Lucas Watson (lwatkins@scri.fsu.edu) took a different approach, and pointed out that my program will be useless even in a million years, simply because there isn't enough matter to print a Googolplex on (and this fact is unlikely to change). According to him, this idea originated on Carl Sagan's Cosmos TV show.
But who said we have to print Googolplex in decimal? If we switch to base Googolplex, you can print it simply as 10. (suggested by Paul Dourish dourish@europarc.xerox.com). ”

[anna~marie]

Quote:

Originally Posted by worldbringer

Actually, you're right; it was 100 zeros in the first place. I couldn't resist the temptation to do that.

no fair!!! *pout*

[Mike]

Quote:

Originally Posted by Denman

i dare you to write a script and try to fill your hard drives with lots of 0's in a text file

When I read "Since a googol plus 1 is the number of digits in a googolplex, it would therefore not be possible to write down or store the digits of a googolplex in decimal notation, even if all the matter in the known universe were converted into paper and ink or disk drives." I doubted that was true. So I broke out calc.exe and went to work.

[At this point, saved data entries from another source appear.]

lemma coproduct_universal:
  assumes "is_coproduct C n Xs X s" "Y \<in> Obj C" "\<And>k. k \<in> {1..n} \<Longrightarrow> f k \<in> hom C (Xs k) Y"
  shows "\<exists>!u. u \<in> hom C X Y \<and> (\<forall>k \<in> {1..n}. u \<cdot> s k = f k)"
  using assms unfolding is_coproduct_def by blast

lemma coproduct_eqI:
  assumes cop: "is_coproduct C n Xs X s" and u: "u \<in> hom C X Y" and "u' \<in> hom C X Y"
    and "\<And>k. k \<in> {1..n} \<Longrightarrow> u \<cdot> s k = u' \<cdot> s k"
  shows "u = u'"
proof -
  have "\<exists>!w. w \<in> hom C X Y \<and> (\<forall>k \<in> {1..n}. w \<cdot> s k = u \<cdot> s k)"
    using objs_of_hom[OF u]
    by (intro coproduct_universal[OF cop]) (auto intro: comp_in_hom[OF coproduct_in_hom[OF cop] u])
  moreover have "\<forall>k \<in> {1..n}. u' \<cdot> s k = u \<cdot> s k" using assms(4) by simp
  ultimately show ?thesis using u assms(3) by blast
qed

lemma coproduct_star_product:
  assumes cop: "is_coproduct C n Xs X s"
  shows "is_product C n Xs X (\<lambda>k. st (s k))"
  unfolding is_product_def
proof (intro conjI ballI allI impI)
  show "X \<in> Obj C" "\<And>k. k \<in> {1..n} \<Longrightarrow> Xs k \<in> Obj C"
    using cop unfolding is_coproduct_def by auto
  show "\<And>k. k \<in> {1..n} \<Longrightarrow> st (s k) \<in> hom C X (Xs k)"
    using coproduct_in_hom[OF cop] star_in_hom by blast
  fix Y f assume Y: "Y \<in> Obj C" and f: "\<forall>k \<in> {1..n}. f k \<in> hom C Y (Xs k)"
  have f_adj: "\<And>k. k \<in> {1..n} \<Longrightarrow> st (f k) \<in> hom C (Xs k) Y" using f star_in_hom by blast
  obtain v where v: "v \<in> hom C X Y" "\<forall>k \<in> {1..n}. v \<cdot> s k = st (f k)"
    using coproduct_universal[OF cop Y f_adj] by blast
  have adjoint: "st (s k) \<cdot> u = f k \<longleftrightarrow> st u \<cdot> s k = st (f k)"
    if u: "u \<in> hom C Y X" and k: "k \<in> {1..n}" for u k
  proof -
    have sk: "s k \<in> hom C (Xs k) X" using coproduct_in_hom[OF cop k] .
    have "st (st (s k) \<cdot> u) = st u \<cdot> s k"
      using star_comp[OF u star_in_hom[OF sk]] star_star[OF sk] by simp
    then show ?thesis
      using star_inject[OF comp_in_hom[OF u star_in_hom[OF sk]]] f k by metis
  qed
  show "\<exists>!u. u \<in> hom C Y X \<and> (\<forall>k \<in> {1..n}. st (s k) \<cdot> u = f k)"
  proof
    show "st v \<in> hom C Y X \<and> (\<forall>k \<in> {1..n}. st (s k) \<cdot> st v = f k)"
      using star_in_hom[OF v(1)] v(2) by (simp add: adjoint star_star[OF v(1)])
  next
    fix u assume u: "u \<in> hom C Y X \<and> (\<forall>k \<in> {1..n}. st (s k) \<cdot> u = f k)"
    have "st u = v"
    proof (rule coproduct_eqI[OF cop star_in_hom v(1)])
      show "u \<in> hom C Y X" using u by blast
      show "st u \<cdot> s k = v \<cdot> s k" if k: "k \<in> {1..n}" for k
      proof -
        have "st (s k) \<cdot> u = f k" "v \<cdot> s k = st (f k)" using u v(2) k by blast+
        then show ?thesis using adjoint[OF conjunct1[OF u] k] by simp
      qed
    qed
    then show "u = st v" using star_star[OF conjunct1[OF u]] by simp
  qed
qed

lemma product_universal:
  assumes "is_product C n Xs X p" "Y \<in> Obj C" "\<And>k. k \<in> {1..n} \<Longrightarrow> f k \<in> hom C Y (Xs k)"
  shows "\<exists>!u. u \<in> hom C Y X \<and> (\<forall>k \<in> {1..n}. p k \<cdot> u = f k)"
  using assms unfolding is_product_def by blast

lemma product_comp_iso:
  assumes prod: "is_product C n Xs X p"
    and c: "\<And>k. k \<in> {1..n} \<Longrightarrow> c k \<in> hom C (Xs k) (Xs k)"
    and d: "\<And>k. k \<in> {1..n} \<Longrightarrow> d k \<in> hom C (Xs k) (Xs k)"
    and cd: "\<And>k. k \<in> {1..n} \<Longrightarrow> c k \<cdot> d k = Id C (Xs k)"
    and dc: "\<And>k. k \<in> {1..n} \<Longrightarrow> d k \<cdot> c k = Id C (Xs k)"
    and q: "\<And>k. k \<in> {1..n} \<Longrightarrow> q k = c k \<cdot> p k"
  shows "is_product C n Xs X q"
  unfolding is_product_def
proof (intro conjI ballI allI impI)
  have p: "\<And>k. k \<in> {1..n} \<Longrightarrow> p k \<in> hom C X (Xs k)"
    using prod unfolding is_product_def by blast
  show "X \<in> Obj C" "\<And>k. k \<in> {1..n} \<Longrightarrow> Xs k \<in> Obj C"
    using prod unfolding is_product_def by auto
  show "q k \<in> hom C X (Xs k)" if k: "k \<in> {1..n}" for k
    using comp_in_hom[OF p[OF k] c[OF k]] q[OF k] by simp
  fix Y f assume Y: "Y \<in> Obj C" and f: "\<forall>k \<in> {1..n}. f k \<in> hom C Y (Xs k)"
  have df: "d k \<cdot> f k \<in> hom C Y (Xs k)" if k: "k \<in> {1..n}" for k
    using comp_in_hom[OF bspec[OF f k] d[OF k]] .
  have q_iff: "q k \<cdot> u = f k \<longleftrightarrow> p k \<cdot> u = d k \<cdot> f k"
    if u: "u \<in> hom C Y X" and k: "k \<in> {1..n}" for u k
  proof -
    have "q k \<cdot> u = c k \<cdot> (p k \<cdot> u)" using q[OF k] comp_assoc[OF u p[OF k] c[OF k]] by simp
    then show ?thesis
      using iso_comp_left_iff[OF c[OF k] d[OF k] dc[OF k] cd[OF k] comp_in_hom[OF u p[OF k]]] f k
      by simp
  qed
  obtain u where u: "u \<in> hom C Y X" "\<forall>k \<in> {1..n}. p k \<cdot> u = d k \<cdot> f k"
    and unique: "\<And>u'. u' \<in> hom C Y X \<Longrightarrow> \<forall>k \<in> {1..n}. p k \<cdot> u' = d k \<cdot> f k \<Longrightarrow> u' = u"
    using product_universal[OF prod Y df] by blast
  show "\<exists>!u. u \<in> hom C Y X \<and> (\<forall>k \<in> {1..n}. q k \<cdot> u = f k)"
  proof (rule ex1I)
    show "u \<in> hom C Y X \<and> (\<forall>k \<in> {1..n}. q k \<cdot> u = f k)" using u q_iff by blast
    show "u' = u" if "u' \<in> hom C Y X \<and> (\<forall>k \<in> {1..n}. q k \<cdot> u' = f k)" for u'
      using that q_iff unique by blast
  qed
qed

subsection \<open>Adjoints of split monomorphisms\<close>

lemma hermitian_idempotent_star_factor:
  assumes s: "s \<in> hom C A X" and r: "r \<in> hom C X A"
    and rs: "r \<cdot> s = Id C A" and herm: "st (s \<cdot> r) = s \<cdot> r"
  shows "st s = (st s \<cdot> s) \<cdot> r"
proof -
  have sr: "s \<cdot> r \<in> hom C X X" using comp_in_hom[OF r s] .
  have "(s \<cdot> r) \<cdot> s = s" using comp_assoc[OF s r s] rs comp_id_right[OF s] by simp
  then have "st s = st ((s \<cdot> r) \<cdot> s)" by simp
  also have "\<dots> = st s \<cdot> (s \<cdot> r)" using star_comp[OF s sr] herm by simp
  also have "\<dots> = (st s \<cdot> s) \<cdot> r" using comp_assoc[OF r s star_in_hom[OF s]] .
  finally show ?thesis .
qed

lemma orthogonal_coproduct_star_factor:
  assumes orth: "orthogonal_coproduct C st n Xs X s" and k: "k \<in> {1..n}"
    and r: "r \<in> hom C X (Xs k)" and rs: "r \<cdot> s k = Id C (Xs k)"
    and r_zero: "\<And>j. j \<in> {1..n} \<Longrightarrow> j \<noteq> k \<Longrightarrow> zero_mor C (r \<cdot> s j)"
  shows "st (s k) = (st (s k) \<cdot> s k) \<cdot> r"
proof -
  have cop: "is_coproduct C n Xs X s" using orth unfolding orthogonal_coproduct_def by blast
  have sk: "s k \<in> hom C (Xs k) X" using coproduct_in_hom[OF cop k] .
  have gram: "st (s k) \<cdot> s k \<in> hom C (Xs k) (Xs k)" using comp_in_hom[OF sk star_in_hom[OF sk]] .
  show ?thesis
  proof (rule coproduct_eqI[OF cop star_in_hom[OF sk] comp_in_hom[OF r gram]])
    fix j assume j: "j \<in> {1..n}"
    have sj: "s j \<in> hom C (Xs j) X" using coproduct_in_hom[OF cop j] .
    have assoc_j: "((st (s k) \<cdot> s k) \<cdot> r) \<cdot> s j = (st (s k) \<cdot> s k) \<cdot> (r \<cdot> s j)"
      using comp_assoc[OF sj r gram] by simp
    show "st (s k) \<cdot> s j = ((st (s k) \<cdot> s k) \<cdot> r) \<cdot> s j"
    proof (cases "j = k")
      case True
      then show ?thesis using assoc_j rs comp_id_right[OF gram] by simp
    next
      case False
      have "zero_mor C (st (s k) \<cdot> s j)"
        using orth j k False unfolding orthogonal_coproduct_def by blast
      moreover have "zero_mor C ((st (s k) \<cdot> s k) \<cdot> (r \<cdot> s j))"
        using zero_mor_comp[OF r_zero[OF j False] comp_in_hom[OF sj r] gram] .
      ultimately show ?thesis
        using zero_mor_unique comp_in_hom[OF sj star_in_hom[OF sk]]
          comp_in_hom[OF comp_in_hom[OF sj r] gram] assoc_j by metis
    qed
  qed
qed

lemma star_factor_gram_inverse:
  assumes s: "s \<in> hom C A X" and r: "r \<in> hom C X A"
    and rs: "r \<cdot> s = Id C A" and factor: "st s = (st s \<cdot> s) \<cdot> r"
  shows "(st s \<cdot> s) \<cdot> (r \<cdot> st r) = Id C A" and "(r \<cdot> st r) \<cdot> (st s \<cdot> s) = Id C A"
proof -
  have gram_s: "st s \<cdot> s \<in> hom C A A" using comp_in_hom[OF s star_in_hom[OF s]] .
  have gram_r: "r \<cdot> st r \<in> hom C A A" using comp_in_hom[OF star_in_hom[OF r] r] .
  have "(st s \<cdot> s) \<cdot> (r \<cdot> st r) = ((st s \<cdot> s) \<cdot> r) \<cdot> st r"
    using comp_assoc[OF star_in_hom[OF r] r gram_s] .
  also have "\<dots> = st (r \<cdot> s)" using factor star_comp[OF s r] by simp
  also have "\<dots> = Id C A" using rs star_id objs_of_hom[OF s] by simp
  finally show inv: "(st s \<cdot> s) \<cdot> (r \<cdot> st r) = Id C A" .
  have "st (r \<cdot> st r) = r \<cdot> st r"
    using star_gram_hermitian[OF star_in_hom[OF r]] star_star[OF r] by simp
  then show "(r \<cdot> st r) \<cdot> (st s \<cdot> s) = Id C A"
    using hermitian_inverse_commute[OF gram_s gram_r star_gram_hermitian[OF s] _ inv] by blast
qed

lemma star_factor_retraction_eq:
  assumes s: "s \<in> hom C A X" and r: "r \<in> hom C X A"
    and rs: "r \<cdot> s = Id C A" and factor: "st s = (st s \<cdot> s) \<cdot> r"
  shows "r = (r \<cdot> st r) \<cdot> st s"
proof -
  have gram_s: "st s \<cdot> s \<in> hom C A A" using comp_in_hom[OF s star_in_hom[OF s]] .
  have gram_r: "r \<cdot> st r \<in> hom C A A" using comp_in_hom[OF star_in_hom[OF r] r] .
  have "(r \<cdot> st r) \<cdot> st s = (r \<cdot> st r) \<cdot> ((st s \<cdot> s) \<cdot> r)" using factor by simp
  also have "\<dots> = ((r \<cdot> st r) \<cdot> (st s \<cdot> s)) \<cdot> r" using comp_assoc[OF r gram_s gram_r] .
  also have "\<dots> = r"
    using star_factor_gram_inverse(2)[OF s r rs factor] comp_id_left[OF r] by simp
  finally show ?thesis by simp
qed
lemma defect_tendsto_at_bot_if_strict:
  fixes \<gamma> :: "real \<Rightarrow> 'a::real_normed_vector" and L :: "real \<Rightarrow> real"
  assumes chord: "\<And>a b. 0 \<le> a \<Longrightarrow> a \<le> b \<Longrightarrow> norm (\<gamma> b - \<gamma> a) \<le> L b - L a"
    and L: "filterlim L at_top at_top"
    and "0 \<le> x\<^sub>0" and strict: "norm (\<gamma> x\<^sub>0) < L x\<^sub>0 + norm (\<gamma> 0)"
  shows "filterlim (\<lambda>x. (norm (\<gamma> x))\<^sup>2 - (L x + norm (\<gamma> 0))\<^sup>2) at_bot at_top"
proof -
  define c where "c = norm (\<gamma> 0)"
  define e where "e = L x\<^sub>0 + c - norm (\<gamma> x\<^sub>0)"
  have "e > 0" using strict by (simp add: e_def c_def)
  have bound: "(norm (\<gamma> x))\<^sup>2 - (L x + c)\<^sup>2 \<le> e\<^sup>2 + (- 2 * e) * (L x + c)" if "x \<ge> x\<^sub>0" for x
  proof -
    have "norm (\<gamma> x) \<le> norm (\<gamma> x\<^sub>0) + norm (\<gamma> x - \<gamma> x\<^sub>0)"
      using norm_triangle_ineq[of "\<gamma> x\<^sub>0" "\<gamma> x - \<gamma> x\<^sub>0"] by simp
    also have "\<dots> \<le> L x + c - e"
      using chord[OF \<open>0 \<le> x\<^sub>0\<close> that] by (simp add: e_def)
    finally have "(norm (\<gamma> x))\<^sup>2 \<le> (L x + c - e)\<^sup>2"
      by (intro power_mono) auto
    then show ?thesis by (simp add: power2_eq_square algebra_simps)
  qed
  have "filterlim (\<lambda>x. L x + c) at_top at_top"
    using filterlim_tendsto_add_at_top[OF tendsto_const L] by (simp add: add.commute)
  then have "filterlim (\<lambda>x. e\<^sup>2 + (- 2 * e) * (L x + c)) at_bot at_top"
    unfolding filterlim_tendsto_add_at_bot_iff[OF tendsto_const] using \<open>e > 0\<close>
    by (intro filterlim_tendsto_neg_mult_at_bot) auto
  moreover have "\<forall>\<^sub>F x in at_top. (norm (\<gamma> x))\<^sup>2 - (L x + c)\<^sup>2 \<le> e\<^sup>2 + (- 2 * e) * (L x + c)"
    using eventually_ge_at_top by (rule eventually_mono) (rule bound)
  ultimately show ?thesis
    unfolding c_def by (rule filterlim_at_bot_mono)
qed
(* Consider two stochastic systems $\Sigma_1$ and $\Sigma_2$ as described in the context. If $\Sigma_1$ and $\Sigma_2$ have equivalent stochastic external behavior with respect to some subspace relation $\mathcal{R}\subseteq\mathbb{R}^{n_1}\times\mathbb{R}^{n_2}$, then the following conditions hold: \[ \begin{aligned} & p_1') & & \operatorname{im}\begin{bmatrix} B_1 \\ B_2 \end{bmatrix} \subseteq \ker\begin{bmatrix} Q_{1,\tilde n} & -Q_{2,\tilde n} \end{bmatrix},\\ & p_2') & & \operatorname{im}\begin{bmatrix} G_1\mu_1 \\ G_2\mu_2 \end{bmatrix} \subseteq \ker\begin{bmatrix} Q_{1,\tilde n} & -Q_{2,\tilde n} \end{bmatrix},\\ & p_3') & & \exists H\in \mathbb{R}^{l_1\times l_2}: \ \operatorname{im}\begin{bmatrix} G_1 H \\ G_2 \end{bmatrix} \subseteq \ker\begin{bmatrix} Q_{1,\tilde n} & -Q_{2,\tilde n} \end{bmatrix}. \end{aligned} \]
   Context: For $i=1,2$, $\Sigma_i$ is the discrete-time stochastic linear control system $x_i(t+1)=A_i x_i(t)+B_i u_i(t)+G_i w_i(t)$, $y_i(t)=C_i x_i(t)+\nu_i(t)$, $t\in\mathbb{N}$, with $x_i\in\mathbb{R}^{n_i}$, $u_i\in\mathbb{R}^m$, $w_i\in\mathbb{R}^{l_i}$, $y_i,\nu_i\in\mathbb{R}^p$; $w_i(t)\sim\mathcal{N}(\mu_i,I_{l_i})$ and $\nu_i(t)\sim\mathcal{N}(0,\Psi_i)$ are white, mutually independent sequences. Let $\tilde n=n_1+n_2$ and $Q_{i,k}=\begin{bmatrix} C_i^T & (C_iA_i)^T & \cdots & (C_iA_i^{k-1})^T\end{bmatrix}^T$ (the $k$-step observability matrix of $(A_i,C_i)$). For an initial state $x_i^0$ and a deterministic input sequence $\mathbf{u}$, let $\mathbf{y}_i|_{x_i^0,\mathbf{u}}$ denote the resulting output stochastic process. $\Sigma_1$ and $\Sigma_2$ have equivalent stochastic external behavior with respect to a subspace $\mathcal{R}\subseteq\mathbb{R}^{n_1}\times\mathbb{R}^{n_2}$ if for every $(x_1^0,x_2^0)\in\mathcal{R}$ and every input $\mathbf{u}$, the processes $\mathbf{y}_1|_{x_1^0,\mathbf{u}}$ and $\mathbf{y}_2|_{x_2^0,\mathbf{u}}$ are stochastically equivalent (all finite-dimensional joint distributions coincide). *)

theory Defs
  imports "HOL-Analysis.Analysis" "HOL-Probability.Probability"
begin

primrec mat_pow :: "real^'n^'n \<Rightarrow> nat \<Rightarrow> real^'n^'n" where
  "mat_pow A 0 = mat 1"
| "mat_pow A (Suc k) = A ** mat_pow A k"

1E1000 / 8 = 1.25E999 bytes
1.25E999 / 1024= 1.220703125E996 megabytes
1.220703125E996 / 1024 = 1.1920928955078125E993 gigabytes
1.1920928955078125E993 / 1024 = 1.16415321826934814453125E990 terabytes
1.16415321826934814453125E990 / 1024 = 1.136868377216160297393798828125E987 petabytes
1.136868377216160297393798828125E987 / 1024 = 1.1102230246251565404236316680908E984 exabytes
1.1102230246251565404236316680908E984 / 1024 = 1.0842021724855044340074528008699E981 zettabytes
1.0842021724855044340074528008699E981 / 1024 = 1.0587911840678754238354031258496E978 yottabytes

Assuming 1 out of every 6 people in this world has a hard drive, with an average of 40GiB space... that means altogether there is 2,684,354,560,000,000,000 bits of space. That is 298.023223876953125 exabytes.

So I've come to the conclusion that Wikipedia was right, and I just wasted about 20 minutes of my life. Why must I question the all-knowing Wikipedia?